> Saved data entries
○ ○ ○ ○

text \<open>Bertrand competition at t=1: an outbidding buyer at p' buys from the types for which
  selling to the market at p' (with optimal continuation, t=2 prices unchanged since t=1 market
  sales are unobserved) is optimal.\<close>
definition accepts1 where
  "accepts1 I S pg p' qg qn \<theta> \<longleftrightarrow>
     max (payoff I S pg p' qg qn \<theta> Mkt True) (payoff I S pg p' qg qn \<theta> Mkt False) \<ge>
     Max {payoff I S pg p' qg qn \<theta> Gov True, payoff I S pg p' qg qn \<theta> Gov False,
          payoff I S pg p' qg qn \<theta> Hold True, payoff I S pg p' qg qn \<theta> Hold False}"

definition no_overbid1 where
  "no_overbid1 f I S pg p1 qg qn \<longleftrightarrow>
     (\<forall>p'>p1. (\<integral>\<theta>. indicator {\<theta>. accepts1 I S pg p' qg qn \<theta>} \<theta> * (\<theta> - p') * fd f \<theta> \<partial>lborel) \<le> 0)"

definition equilibrium ::
  "(real \<Rightarrow> real) \<Rightarrow> real \<Rightarrow> real \<Rightarrow> real \<Rightarrow> (real \<Rightarrow> act1 \<Rightarrow> bool \<Rightarrow> real) \<Rightarrow> real \<Rightarrow> real \<Rightarrow> real \<Rightarrow> bool" where
  "equilibrium f I S pg \<sigma> p1 qg qn \<longleftrightarrow>
     valid_strategy \<sigma> \<and>
     firm_optimal I S pg p1 qg qn \<sigma> \<and>
     break_even f p1 (w_mkt1 \<sigma>) \<and>
     break_even f qg (w_sell2_g \<sigma>) \<and>
     break_even f qn (w_sell2_n \<sigma>) \<and>
     no_overbid1 f I S pg p1 qg qn \<and>
     no_overbid2 f I S qg (w_lab_g \<sigma>) \<and>
     no_overbid2 f I S qn (w_lab_n \<sigma>)"

text \<open>Short-lived stimulation: no (positive mass of) types sells only at t=2, i.e. hat theta_g = theta_2.\<close>
definition short_lived_stimulation where
  "short_lived_stimulation f I S pg \<sigma> p1 qg qn \<longleftrightarrow>
     equilibrium f I S pg \<sigma> p1 qg qn \<and> mass f (\<lambda>\<theta>. \<sigma> \<theta> Hold True) = 0"

definition theta_m_bar where
  "theta_m_bar f \<sigma> = avg f (w_mkt1 \<sigma>)"

end

theory Submission
  imports Defs
begin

○ ○ ○ ○

> EXERCISE BRIEF
Return all the lines shown above, precisely as they stand.

> ANSWER BOX
text \<open>Bertrand competition at t=1: an outbidding buyer at p' buys from the types for which
  selling to the market at p' (with optimal continuation, t=2 prices unchanged since t=1 market
  sales are unobserved) is optimal.\<close>
definition accepts1 where
  "accepts1 I S pg p' qg qn \<theta> \<longleftrightarrow>
     max (payoff I S pg p' qg qn \<theta> Mkt True) (payoff I S pg p' qg qn \<theta> Mkt False) \<ge>
     Max {payoff I S pg p' qg qn \<theta> Gov True, payoff I S pg p' qg qn \<theta> Gov False,
          payoff I S pg p' qg qn \<theta> Hold True, payoff I S pg p' qg qn \<theta> Hold False}"

definition no_overbid1 where
  "no_overbid1 f I S pg p1 qg qn \<longleftrightarrow>
     (\<forall>p'>p1. (\<integral>\<theta>. indicator {\<theta>. accepts1 I S pg p' qg qn \<theta>} \<theta> * (\<theta> - p') * fd f \<theta> \<partial>lborel) \<le> 0)"

definition equilibrium ::
  "(real \<Rightarrow> real) \<Rightarrow> real \<Rightarrow> real \<Rightarrow> real \<Rightarrow> (real \<Rightarrow> act1 \<Rightarrow> bool \<Rightarrow> real) \<Rightarrow> real \<Rightarrow> real \<Rightarrow> real \<Rightarrow> bool" where
  "equilibrium f I S pg \<sigma> p1 qg qn \<longleftrightarrow>
     valid_strategy \<sigma> \<and>
     firm_optimal I S pg p1 qg qn \<sigma> \<and>
     break_even f p1 (w_mkt1 \<sigma>) \<and>
     break_even f qg (w_sell2_g \<sigma>) \<and>
     break_even f qn (w_sell2_n \<sigma>) \<and>
     no_overbid1 f I S pg p1 qg qn \<and>
     no_overbid2 f I S qg (w_lab_g \<sigma>) \<and>
     no_overbid2 f I S qn (w_lab_n \<sigma>)"

text \<open>Short-lived stimulation: no (positive mass of) types sells only at t=2, i.e. hat theta_g = theta_2.\<close>
definition short_lived_stimulation where
  "short_lived_stimulation f I S pg \<sigma> p1 qg qn \<longleftrightarrow>
     equilibrium f I S pg \<sigma> p1 qg qn \<and> mass f (\<lambda>\<theta>. \<sigma> \<theta> Hold True) = 0"

definition theta_m_bar where
  "theta_m_bar f \<sigma> = avg f (w_mkt1 \<sigma>)"

end

theory Submission
  imports Defs
begin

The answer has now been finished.